Part 2: All-Fours (5 min)
If your wrists hurt in this position, make fists and rest on your knuckles, or place a folded blanket under your palms to reduce the wrist angle.
Cat-Cow (2 min)
Come to hands and knees. Hands under shoulders, knees under hips.
Inhale: drop your belly, lift your chest and tailbone, look forward. Exhale: round your spine, tuck your chin and tailbone, press the floor away.
Move at breath pace. No pause between positions. After a minute of full spine, try moving only your upper back for a few cycles, then only your lower back.
Thread the Needle (1 min per side)
Slide your right arm under your left arm, palm up. Let your right shoulder and the side of your head rest on the floor. Hips stay high. Breathe into your right ribs and armpit. Switch sides after a minute.
Hip Circles (1 min)
Lift your right knee off the floor. Make small circles outward and inward with the knee. Keep your pelvis still — the movement comes from your hip joint. Switch legs after 30 seconds.
Part 3: Standing (5 min)
Slow Roll to Standing (1 min)
From all-fours, walk your hands back toward your knees until you're in a squat or halfway squat. If squatting is uncomfortable, stay higher — hands on thighs for support. Slowly roll up one vertebra at a time, like stacking blocks: low back, mid back, upper back, neck, head comes up last. Take your time — this is the most neurologically complex thing in the sequence.
Getting up from the floor requires vestibular input, proprioceptive loading of your spine stacking against gravity, and coordinated muscle recruitment. The ability to get up from the floor without using your hands predicts longevity better than almost any other physical test.
Standing Arm Sweeps (2 min)
Stand with feet hip-width, knees soft.
Inhale: sweep both arms out to your sides and overhead, palms up. Exhale: arms come back down, palms turning toward your body.

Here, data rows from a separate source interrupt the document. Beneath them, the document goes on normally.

lemma dim_Bmacro_image:
  assumes "tl_hypergraph Q0 Q1 A B"
  shows "int (fvs.dim (Bmacro Q1 A B ` coord_space Q1)) = delta_le Q1 A B (-1)"
proof -
  have "finite Q1"
    using assms by (simp add: tl_hypergraph_def)
  moreover have "finite (Vmacro Q1 A B)" "A ` Q1 \<subseteq> Vmacro Q1 A B" "B ` Q1 \<subseteq> Vmacro Q1 A B"
    using \<open>finite Q1\<close> by (auto simp: Vmacro_def)
  ultimately have "fvs.dim (incidence A B ` Q1) + card (Vmacro Q1 A B // (undirected_edges Q1 A B)\<^sup>*)
      = card (Vmacro Q1 A B)"
    by (intro dim_incidence_plus_card_components)
  then have "card (Vmacro Q1 A B) = fvs.dim (incidence A B ` Q1) + c_macro Q1 A B"
    by (simp add: c_macro_def macro_conn_def undirected_edges_def)
  moreover have "fvs.dim (Bmacro Q1 A B ` coord_space Q1) = fvs.dim (incidence A B ` Q1)"
    unfolding Bmacro_image_coord_space[OF \<open>finite Q1\<close>] by (rule fvs.dim_span)
  ultimately show ?thesis
    by (simp add: delta_le_def)
qed

lemma rankL_plus_delta_le:
  assumes tl: "tl_hypergraph Q0 Q1 A B" and "0 \<le> j"
  shows "int (rankL Q0 Q1 A B j) + delta_le Q1 A B j = delta_le Q1 A B (-1)"
proof -
  let ?U = "Bmacro Q1 A B ` coord_space Q1"
  let ?P = "trunc j \<circ> phihat Q1 A B"
  have "finite Q1"
    using tl by (simp add: tl_hypergraph_def)
  have "?P ` ?U = (trunc j \<circ> bdry Q1 A B) ` coord_space Q1"
    unfolding image_comp by (simp add: comp_def phihat_Bmacro[OF \<open>finite Q1\<close>])
  then have rank: "rankL Q0 Q1 A B j = fvs.dim (?P ` ?U)"
    using rankL_eq_dim_trunc_bdry_image[OF assms] by simp
  have "?U \<inter> {y \<in> coord_space (Vmacro Q1 A B). trunc j (phihat Q1 A B y) = (\<lambda>_. 0)}
      = {y \<in> ?U. ?P y = 0}"
    using Bmacro_in_coord_space by (auto simp: zero_fun_def)
  then have delta: "delta_le Q1 A B j = int (fvs.dim {y \<in> ?U. ?P y = 0})"
    using \<open>0 \<le> j\<close> by (simp add: delta_le_def)
  interpret Bmacro: Vector_Spaces.linear fscale fscale "Bmacro Q1 A B"
    by (rule linear_Bmacro)
  have "?U \<subseteq> fvs.span (incidence A B ` Q1)"
    by (simp add: Bmacro_image_coord_space[OF \<open>finite Q1\<close>])
  then have "fvs.dim (?P ` ?U) + fvs.dim {y \<in> ?U. ?P y = 0} = fvs.dim ?U"
    by (rule linear.dim_image_plus_dim_kernel[OF Vector_Spaces.linear_compose[OF linear_phihat linear_trunc]
          Bmacro.subspace_image[OF subspace_coord_space] finite_imageI[OF \<open>finite Q1\<close>]])
  then show ?thesis
    using rank delta dim_Bmacro_image[OF tl] by linarith
qed

theorem corollary6p11:
  fixes Q0 :: "'v set" and Q1 :: "'e set"
    and A B :: "'e \<Rightarrow> 'v list \<Rightarrow> real"
    and k :: nat
  assumes "tl_hypergraph Q0 Q1 A B"
  shows "int (rankL Q0 Q1 A B (int k)) - int (rankL Q0 Q1 A B (int k - 1))
           = delta_le Q1 A B (int k - 1) - delta_le Q1 A B (int k)"
proof (cases "k = 0")
  case True
  then show ?thesis
    using rankL_plus_delta_le[OF assms, of 0] by (simp add: rankL_def)
next
  case False
  then show ?thesis
    using rankL_plus_delta_le[OF assms, of "int k"] rankL_plus_delta_le[OF assms, of "int k - 1"] by simp
qed

end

After a minute, change planes: inhale arms forward and up, exhale arms out to the sides and down.
Morning Calf Pump (2 min)
Stand near a wall or chair for balance. Rise onto your toes, then lower your heels back to the floor. Continuous rhythm — don't pause at the top. About one cycle per second. Breathe naturally.
Your calf muscle pump is the primary driver of leg lymph return against gravity. After hours of horizontal sleep, your leg lymph needs active pumping to resume upward flow.
Finish
Stand still for three breaths. Notice how your body feels compared to when you started. Let your attention rest on any body sensation that feels pleasant — warmth in your hands, the floor under your feet, breath in your ribs. If thoughts come, notice them and return to the sensation. One slow exhale through your mouth to close.